US electricity demand is forecast to climb to record levels in 2025 and 2026, according to the Energy Information Administration’s latest Short-Term Energy Outlook. Total consumption is expected to reach 4,187 billion kWh next year and 4,305 billion kWh in 2026, surpassing the 2024 high of 4,097 billion kWh.
The steep increase reflects the rapid expansion of power-intensive data centres — particularly those supporting artificial intelligence and cryptocurrency — and a broader electrification push across heating, transport, and commercial operations. Regions experiencing heavy industrial build-out are seeing the sharpest load growth, with demand rising across residential, commercial, and industrial sectors. Residential sales alone are forecast at 1,508 billion kWh in 2025, close to the 2022 record.
Rising demand is already tightening capacity markets. In the PJM Interconnection, which serves 67 million people including northern Virginia’s data centre corridor, auction prices have surged from $28.92 per MW-day in 2024–25 to $269.92 per MW-day for 2025–26, with a cap of $329.17 per MW-day for 2026–27. PJM forecasts an additional 32 GW of load by 2030, of which 30 GW will come from data centres. Developers are responding with planned investment in natural gas, renewables, battery storage, and hydropower capacity.
The generation mix is shifting as a result. Natural gas is projected to fall from 42 percent of supply in 2024 to around 40 percent through 2026, while renewables rise from 23 percent to 25–26 percent. Coal is set to hold steady at 16–17 percent, with nuclear declining slightly. Despite increased renewable penetration, developers have trimmed capacity plans from 186 GW in 2024 to 155 GW, while natural gas build-out is set to double. Battery storage additions are expected to provide critical balancing capacity, though the scale lags far behind the forecast load increases.
The outlook highlights the infrastructure challenge of a grid under accelerating electrification.
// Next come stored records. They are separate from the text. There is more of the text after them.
lemma upath_snoc:
  assumes "upath VF AF p" "y \<in> VF" "y \<notin> set p" "uadj AF (last p) y"
  shows "upath VF AF (p @ [y])"
  unfolding upath_def
proof (intro conjI allI impI)
  fix i
  assume i: "Suc i < length (p @ [y])"
  show "uadj AF ((p @ [y]) ! i) ((p @ [y]) ! Suc i)"
  proof (cases "Suc i < length p")
    case True
    then show ?thesis using assms(1) by (simp add: upath_def nth_append)
  next
    case False
    then have "i = length p - 1" using i by simp
    then show ?thesis using assms(1,4) by (simp add: upath_def nth_append last_conv_nth)
  qed
qed (use assms in \<open>auto simp: upath_def\<close>)

lemma upath_drop: "upath VF AF p \<Longrightarrow> j < length p \<Longrightarrow> upath VF AF (drop j p)"
  unfolding upath_def by (auto dest: in_set_dropD)

lemma undirected_cycle_if_closed_upath:
  assumes p: "upath VF AF p" and "3 \<le> length p" and closing: "uadj AF (last p) (hd p)"
  shows "undirected_cycle AF p"
  unfolding undirected_cycle_def
proof (intro conjI allI impI)
  fix i
  assume i: "i < length p"
  show "uadj AF (p ! i) (p ! ((i + 1) mod length p))"
  proof (cases "Suc i < length p")
    case True
    then show ?thesis using p by (simp add: upath_def)
  next
    case False
    then have "Suc i = length p" using i by simp
    then have "i = length p - 1" "(i + 1) mod length p = 0" by simp_all
    then show ?thesis using p closing by (simp add: upath_def last_conv_nth hd_conv_nth)
  qed
qed (use assms in \<open>auto simp: upath_def\<close>)

lemma upath_extend_or_cycle:
  assumes p: "upath VF AF p" and y: "y \<in> VF" "uadj AF (last p) y" "y \<noteq> last p"
    and not_pred: "\<And>j. Suc (Suc j) = length p \<Longrightarrow> p ! j \<noteq> y"
  shows "upath VF AF (p @ [y]) \<or> (\<exists>c. undirected_cycle AF c)"
proof (cases "y \<in> set p")
  case False
  then show ?thesis using upath_snoc[OF p y(1) False y(2)] by blast
next
  case True
  then obtain j where j: "j < length p" "p ! j = y" by (auto simp: in_set_conv_nth)
  have "p ! (length p - 1) = last p" using p unfolding upath_def by (simp add: last_conv_nth)
  then have "j \<noteq> length p - 1" using j \<open>y \<noteq> last p\<close> by auto
  moreover have "Suc (Suc j) \<noteq> length p" using not_pred j(2) by blast
  ultimately have "j + 3 \<le> length p" using j(1) by linarith
  moreover have "uadj AF (last (drop j p)) (hd (drop j p))"
    using y(2) j uadj_commute by (simp add: hd_drop_conv_nth)
  ultimately have "undirected_cycle AF (drop j p)"
    using undirected_cycle_if_closed_upath[OF upath_drop[OF p j(1)]] by simp
  then show ?thesis by blast
qed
Without upgrades in transmission and distribution, coupled with stronger incentives for renewables and storage, the system risks leaning more heavily on dispatchable fossil capacity — driving up costs and carbon intensity.
The EIA forecasts leave little doubt: electricity demand in 2025 and 2026 will test the resilience of US power networks and the policy frameworks that underpin them.